- **WHAT TO WORK ON**:
Only certain lines below are wanted: those starting at the line containing "addcat_scheme \<Rightarrow> 'o \<Rightarrow> 'o" and ending at the line containing "g h))))) \<and>", both included, each retyped exactly.

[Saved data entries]
*** Block opens ***

(* Let $\mathcal{C}$ be a deflation-exact category and let $\mathcal{A}$ be a non-empty full subcategory satisfying axiom (A3). Consider a commutative diagram $$\begin{array}{ccccc} X&\rightarrowtail&Y&\twoheadrightarrow&Z\\ \downarrow&&\downarrow&&\downarrow\\ X'&\rightarrowtail&Y'&\twoheadrightarrow&Z'\end{array}$$ whose rows are conflations and whose vertical arrows are deflations. If $X'\in\mathcal{A}$, then the diagram can be completed to a commutative $3\times 3$ diagram $$\begin{array}{ccccc} X''&\rightarrowtail&Y''&\twoheadrightarrow&Z''\\ \downarrow&&\downarrow&&\downarrow\\ X&\rightarrowtail&Y&\twoheadrightarrow&Z\\ \downarrow&&\downarrow&&\downarrow\\ X'&\rightarrowtail&Y'&\twoheadrightarrow&Z'\end{array}$$ in which all rows and all columns are conflations (the upper vertical maps being inflations). Moreover, the upper left square is a pullback and the lower right square is a pushout.
   Context: A conflation category is an additive category with a class of kernel-cokernel pairs (closed under isomorphisms) called conflations; first map an inflation ($\rightarrowtail$), second a deflation ($\twoheadrightarrow$). A deflation-exact category is a conflation category satisfying: (R0) $1_0$ is a deflation; (R1) composites of deflations are deflations; (R2) pullbacks of deflations along arbitrary morphisms exist and are deflations. Axiom (A3): if $a\colon C\rightarrowtail D$ is an inflation and $b\colon C\twoheadrightarrow A$ is a deflation with $A\in\mathcal{A}$, the pushout of $a$ along $b$ exists and yields a deflation $D\twoheadrightarrow P$ and an inflation $A\rightarrowtail P$. *)

theory Defs
  imports Main
begin

text \<open>An (abstract, small) category presented by objects, morphisms, source/target,
  composition (cmp C g f = g after f) and identities, together with the additive
  structure on hom-sets.\<close>

record ('o, 'm) addcat =
  Ob   :: "'o set"
  Mor  :: "'m set"
  src  :: "'m \<Rightarrow> 'o"
  tgt  :: "'m \<Rightarrow> 'o"
  cmp  :: "'m \<Rightarrow> 'm \<Rightarrow> 'm"
  idm  :: "'o \<Rightarrow> 'm"
  madd :: "'m \<Rightarrow> 'm \<Rightarrow> 'm"
  mzero :: "'o \<Rightarrow> 'o \<Rightarrow> 'm"
  mneg :: "'m \<Rightarrow> 'm"

definition hom :: "('o, 'm, 'x) addcat_scheme \<Rightarrow> 'o \<Rightarrow> 'o \<Rightarrow> 'm set" where
  "hom C A B = {f \<in> Mor C. src C f = A \<and> tgt C f = B}"

definition is_zero_obj :: "('o, 'm, 'x) addcat_scheme \<Rightarrow> 'o \<Rightarrow> bool" where
  "is_zero_obj C Z \<longleftrightarrow> Z \<in> Ob C \<and>
     (\<forall>A\<in>Ob C. (\<exists>!f. f \<in> hom C Z A) \<and> (\<exists>!f. f \<in> hom C A Z))"

definition additive_category :: "('o, 'm, 'x) addcat_scheme \<Rightarrow> bool" where
  "additive_category C \<longleftrightarrow>
    (\<forall>f\<in>Mor C. src C f \<in> Ob C \<and> tgt C f \<in> Ob C) \<and>
    (\<forall>A\<in>Ob C. idm C A \<in> hom C A A) \<and>
    (\<forall>A B D f g. f \<in> hom C A B \<longrightarrow> g \<in> hom C B D \<longrightarrow> cmp C g f \<in> hom C A D) \<and>
    (\<forall>f g h. f \<in> Mor C \<longrightarrow> g \<in> Mor C \<longrightarrow> h \<in> Mor C \<longrightarrow>
        tgt C f = src C g \<longrightarrow> tgt C g = src C h \<longrightarrow>
        cmp C h (cmp C g f) = cmp C (cmp C h g) f) \<and>
    (\<forall>f\<in>Mor C. cmp C (idm C (tgt C f)) f = f \<and> cmp C f (idm C (src C f)) = f) \<and>
    (\<forall>A\<in>Ob C. \<forall>B\<in>Ob C. mzero C A B \<in> hom C A B \<and>
       (\<forall>f\<in>hom C A B. mneg C f \<in> hom C A B \<and>
          madd C f (mzero C A B) = f \<and> madd C f (mneg C f) = mzero C A B \<and>
          (\<forall>g\<in>hom C A B. madd C f g \<in> hom C A B \<and> madd C f g = madd C g f \<and>
             (\<forall>h\<in>hom C A B. madd C (madd C f g) h = madd C f (madd C g h))))) \<and>
    (\<forall>A B D f g h. f \<in> hom C A B \<longrightarrow> g \<in> hom C A B \<longrightarrow> h \<in> hom C B D \<longrightarrow>
        cmp C h (madd C f g) = madd C (cmp C h f) (cmp C h g)) \<and>
    (\<forall>A B D f g k. f \<in> hom C B D \<longrightarrow> g \<in> hom C B D \<longrightarrow> k \<in> hom C A B \<longrightarrow>
        cmp C (madd C f g) k = madd C (cmp C f k) (cmp C g k)) \<and>
    (\<exists>Z. is_zero_obj C Z) \<and>
    (\<forall>A\<in>Ob C. \<forall>B\<in>Ob C. \<exists>S\<in>Ob C. \<exists>i1 i2 p1 p2.
        i1 \<in> hom C A S \<and> i2 \<in> hom C B S \<and> p1 \<in> hom C S A \<and> p2 \<in> hom C S B \<and>
        cmp C p1 i1 = idm C A \<and> cmp C p2 i2 = idm C B \<and>
        cmp C p2 i1 = mzero C A B \<and> cmp C p1 i2 = mzero C B A \<and>
        madd C (cmp C i1 p1) (cmp C i2 p2) = idm C S)"

definition is_kernel :: "('o, 'm, 'x) addcat_scheme \<Rightarrow> 'm \<Rightarrow> 'm \<Rightarrow> bool" where
  "is_kernel C f g \<longleftrightarrow> f \<in> Mor C \<and> g \<in> Mor C \<and> tgt C f = src C g \<and>
     cmp C g f = mzero C (src C f) (tgt C g) \<and>
     (\<forall>T\<in>Ob C. \<forall>h\<in>hom C T (src C g). cmp C g h = mzero C T (tgt C g) \<longrightarrow>
        (\<exists>!u. u \<in> hom C T (src C f) \<and> cmp C f u = h))"

definition is_cokernel :: "('o, 'm, 'x) addcat_scheme \<Rightarrow> 'm \<Rightarrow> 'm \<Rightarrow> bool" where
  "is_cokernel C g f \<longleftrightarrow> f \<in> Mor C \<and> g \<in> Mor C \<and> tgt C f = src C g \<and>
     cmp C g f = mzero C (src C f) (tgt C g) \<and>
     (\<forall>T\<in>Ob C. \<forall>h\<in>hom C (tgt C f) T. cmp C h f = mzero C (src C f) T \<longrightarrow>
        (\<exists>!u. u \<in> hom C (tgt C g) T \<and> cmp C u g = h))"

definition kc_pair :: "('o, 'm, 'x) addcat_scheme \<Rightarrow> 'm \<Rightarrow> 'm \<Rightarrow> bool" where
  "kc_pair C f g \<longleftrightarrow> is_kernel C f g \<and> is_cokernel C g f"

definition iso :: "('o, 'm, 'x) addcat_scheme \<Rightarrow> 'm \<Rightarrow> bool" where
  "iso C f \<longleftrightarrow> f \<in> Mor C \<and> (\<exists>g\<in>hom C (tgt C f) (src C f).
      cmp C g f = idm C (src C f) \<and> cmp C f g = idm C (tgt C f))"

text \<open>Conflations are given as a set Cf of composable pairs (inflation, deflation).\<close>
definition conflation_category :: "('o, 'm, 'x) addcat_scheme \<Rightarrow> ('m \<times> 'm) set \<Rightarrow> bool" where
  "conflation_category C Cf \<longleftrightarrow> additive_category C \<and>
     (\<forall>(f, g)\<in>Cf. kc_pair C f g) \<and>
     (\<forall>f g f' g' a b c. (f, g) \<in> Cf \<longrightarrow> f' \<in> Mor C \<longrightarrow> g' \<in> Mor C \<longrightarrow>
        tgt C f' = src C g' \<longrightarrow> iso C a \<longrightarrow> iso C b \<longrightarrow> iso C c \<longrightarrow>
        src C a = src C f \<longrightarrow> tgt C a = src C f' \<longrightarrow>
        src C b = tgt C f \<longrightarrow> tgt C b = tgt C f' \<longrightarrow>
        src C c = tgt C g \<longrightarrow> tgt C c = tgt C g' \<longrightarrow>
        cmp C b f = cmp C f' a \<longrightarrow> cmp C c g = cmp C g' b \<longrightarrow> (f', g') \<in> Cf)"

definition inflation :: "('m \<times> 'm) set \<Rightarrow> 'm \<Rightarrow> bool" where
  "inflation Cf f \<longleftrightarrow> (\<exists>g. (f, g) \<in> Cf)"

definition deflation :: "('m \<times> 'm) set \<Rightarrow> 'm \<Rightarrow> bool" where
  "deflation Cf g \<longleftrightarrow> (\<exists>f. (f, g) \<in> Cf)"

text \<open>Pullback square: f : A \<rightarrow> D, g : B \<rightarrow> D, q1 : P \<rightarrow> A, q2 : P \<rightarrow> B with f q1 = g q2.\<close>
definition is_pullback :: "('o, 'm, 'x) addcat_scheme \<Rightarrow> 'm \<Rightarrow> 'm \<Rightarrow> 'm \<Rightarrow> 'm \<Rightarrow> bool" where
  "is_pullback C f g q1 q2 \<longleftrightarrow> f \<in> Mor C \<and> g \<in> Mor C \<and> tgt C f = tgt C g \<and>
     q1 \<in> hom C (src C q1) (src C f) \<and> q2 \<in> hom C (src C q1) (src C g) \<and>
     cmp C f q1 = cmp C g q2 \<and>
     (\<forall>T\<in>Ob C. \<forall>u\<in>hom C T (src C f). \<forall>v\<in>hom C T (src C g). cmp C f u = cmp C g v \<longrightarrow>
        (\<exists>!w. w \<in> hom C T (src C q1) \<and> cmp C q1 w = u \<and> cmp C q2 w = v))"

text \<open>Pushout square: a : A \<rightarrow> B, b : A \<rightarrow> D, r1 : B \<rightarrow> P, r2 : D \<rightarrow> P with r1 a = r2 b.\<close>
definition is_pushout :: "('o, 'm, 'x) addcat_scheme \<Rightarrow> 'm \<Rightarrow> 'm \<Rightarrow> 'm \<Rightarrow> 'm \<Rightarrow> bool" where
  "is_pushout C a b r1 r2 \<longleftrightarrow> a \<in> Mor C \<and> b \<in> Mor C \<and> src C a = src C b \<and>
     r1 \<in> hom C (tgt C a) (tgt C r1) \<and> r2 \<in> hom C (tgt C b) (tgt C r1) \<and>
     cmp C r1 a = cmp C r2 b \<and>
     (\<forall>T\<in>Ob C. \<forall>u\<in>hom C (tgt C a) T. \<forall>v\<in>hom C (tgt C b) T. cmp C u a = cmp C v b \<longrightarrow>
        (\<exists>!w. w \<in> hom C (tgt C r1) T \<and> cmp C w r1 = u \<and> cmp C w r2 = v))"

definition deflation_exact :: "('o, 'm, 'x) addcat_scheme \<Rightarrow> ('m \<times> 'm) set \<Rightarrow> bool" where
  "deflation_exact C Cf \<longleftrightarrow> conflation_category C Cf \<and>
     (\<forall>Z. is_zero_obj C Z \<longrightarrow> deflation Cf (idm C Z)) \<and>
     (\<forall>p q. deflation Cf p \<longrightarrow> deflation Cf q \<longrightarrow> tgt C p = src C q \<longrightarrow>
        deflation Cf (cmp C q p)) \<and>
     (\<forall>p f. deflation Cf p \<longrightarrow> f \<in> Mor C \<longrightarrow> tgt C f = tgt C p \<longrightarrow>
        (\<exists>q1 q2. is_pullback C f p q1 q2 \<and> deflation Cf q1))"

definition axiom_A3 :: "('o, 'm, 'x) addcat_scheme \<Rightarrow> ('m \<times> 'm) set \<Rightarrow> 'o set \<Rightarrow> bool" where
  "axiom_A3 C Cf AA \<longleftrightarrow>
     (\<forall>a b. inflation Cf a \<longrightarrow> deflation Cf b \<longrightarrow> src C a = src C b \<longrightarrow> tgt C b \<in> AA \<longrightarrow>
        (\<exists>r1 r2. is_pushout C a b r1 r2 \<and> deflation Cf r1 \<and> inflation Cf r2))"

end

theory Submission
  imports Defs
begin

text \<open>
  Pull back the deflation \<open>y'\<close> along \<open>h\<close> to get \<open>Q\<close> with projections \<open>qb : Q \<rightarrow> Z\<close>, a
  deflation whose kernel \<open>k'\<close> lifts \<open>x'\<close>, and \<open>qa : Q \<rightarrow> Y'\<close>; let \<open>\<psi> : Y \<rightarrow> Q\<close> be induced
  by \<open>y\<close> and \<open>g\<close>. By (A3) the pushout \<open>P\<close> of \<open>x\<close> along \<open>f\<close> sits in a conflation
  \<open>X' \<rightarrow> P \<rightarrow> Z\<close>, and the comparison map \<open>P \<rightarrow> Q\<close> is an isomorphism by the short five
  lemma, so \<open>\<psi>\<close> is a deflation; its kernel is \<open>x \<circ> f''\<close>. Pulling back the kernel
  \<open>Z'' \<rightarrow> Q\<close> of \<open>qa\<close> along \<open>\<psi>\<close> gives \<open>R\<close> with a deflation \<open>R \<rightarrow> Z''\<close> whose kernel is
  \<open>X''\<close> (the top row) and a kernel \<open>R \<rightarrow> Y\<close> of \<open>g = qa \<circ> \<psi>\<close> (the middle column).
  The upper left square is a pullback because \<open>h''\<close> is monic, and the lower right square
  is a pushout because \<open>f\<close> is epic.
\<close>

section \<open>Preadditive categories\<close>

text \<open>The clauses of \<^const>\<open>additive_category\<close> without the zero object and the biproducts,
  which the argument never uses.\<close>

locale preadditive_cat =
  fixes C :: "('o, 'm, 'x) addcat_scheme"
  assumes Mor_Ob: "\<forall>f\<in>Mor C. src C f \<in> Ob C \<and> tgt C f \<in> Ob C"
    and idm_hom: "\<forall>A\<in>Ob C. idm C A \<in> hom C A A"
    and cmp_hom: "\<forall>A B D f g. f \<in> hom C A B \<longrightarrow> g \<in> hom C B D \<longrightarrow> cmp C g f \<in> hom C A D"
    and cmp_assoc_law: "\<forall>f g h. f \<in> Mor C \<longrightarrow> g \<in> Mor C \<longrightarrow> h \<in> Mor C \<longrightarrow>
        tgt C f = src C g \<longrightarrow> tgt C g = src C h \<longrightarrow>
        cmp C h (cmp C g f) = cmp C (cmp C h g) f"
    and idm_unit_law: "\<forall>f\<in>Mor C. cmp C (idm C (tgt C f)) f = f \<and> cmp C f (idm C (src C f)) = f"
    and hom_group_law: "\<forall>A\<in>Ob C. \<forall>B\<in>Ob C. mzero C A B \<in> hom C A B \<and>
       (\<forall>f\<in>hom C A B. mneg C f \<in> hom C A B \<and>
          madd C f (mzero C A B) = f \<and> madd C f (mneg C f) = mzero C A B \<and>
          (\<forall>g\<in>hom C A B. madd C f g \<in> hom C A B \<and> madd C f g = madd C g f \<and>
             (\<forall>h\<in>hom C A B. madd C (madd C f g) h = madd C f (madd C g h))))"
    and cmp_madd_right_law: "\<forall>A B D f g h. f \<in> hom C A B \<longrightarrow> g \<in> hom C A B \<longrightarrow> h \<in> hom C B D \<longrightarrow>
        cmp C h (madd C f g) = madd C (cmp C h f) (cmp C h g)"
    and cmp_madd_left_law: "\<forall>A B D f g k. f \<in> hom C B D \<longrightarrow> g \<in> hom C B D \<longrightarrow> k \<in> hom C A B \<longrightarrow>
        cmp C (madd C f g) k = madd C (cmp C f k) (cmp C g k)"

*** Block closes ***

- **WRITTEN REPLY**:
definition hom :: "('o, 'm, 'x) addcat_scheme \<Rightarrow> 'o \<Rightarrow> 'o \<Rightarrow> 'm set" where
  "hom C A B = {f \<in> Mor C. src C f = A \<and> tgt C f = B}"

definition is_zero_obj :: "('o, 'm, 'x) addcat_scheme \<Rightarrow> 'o \<Rightarrow> bool" where
  "is_zero_obj C Z \<longleftrightarrow> Z \<in> Ob C \<and>
     (\<forall>A\<in>Ob C. (\<exists>!f. f \<in> hom C Z A) \<and> (\<exists>!f. f \<in> hom C A Z))"

definition additive_category :: "('o, 'm, 'x) addcat_scheme \<Rightarrow> bool" where
  "additive_category C \<longleftrightarrow>
    (\<forall>f\<in>Mor C. src C f \<in> Ob C \<and> tgt C f \<in> Ob C) \<and>
    (\<forall>A\<in>Ob C. idm C A \<in> hom C A A) \<and>
    (\<forall>A B D f g. f \<in> hom C A B \<longrightarrow> g \<in> hom C B D \<longrightarrow> cmp C g f \<in> hom C A D) \<and>
    (\<forall>f g h. f \<in> Mor C \<longrightarrow> g \<in> Mor C \<longrightarrow> h \<in> Mor C \<longrightarrow>
        tgt C f = src C g \<longrightarrow> tgt C g = src C h \<longrightarrow>
        cmp C h (cmp C g f) = cmp C (cmp C h g) f) \<and>
    (\<forall>f\<in>Mor C. cmp C (idm C (tgt C f)) f = f \<and> cmp C f (idm C (src C f)) = f) \<and>
    (\<forall>A\<in>Ob C. \<forall>B\<in>Ob C. mzero C A B \<in> hom C A B \<and>
       (\<forall>f\<in>hom C A B. mneg C f \<in> hom C A B \<and>
          madd C f (mzero C A B) = f \<and> madd C f (mneg C f) = mzero C A B \<and>
          (\<forall>g\<in>hom C A B. madd C f g \<in> hom C A B \<and> madd C f g = madd C g f \<and>
             (\<forall>h\<in>hom C A B. madd C (madd C f g) h = madd C f (madd C g h))))) \<and>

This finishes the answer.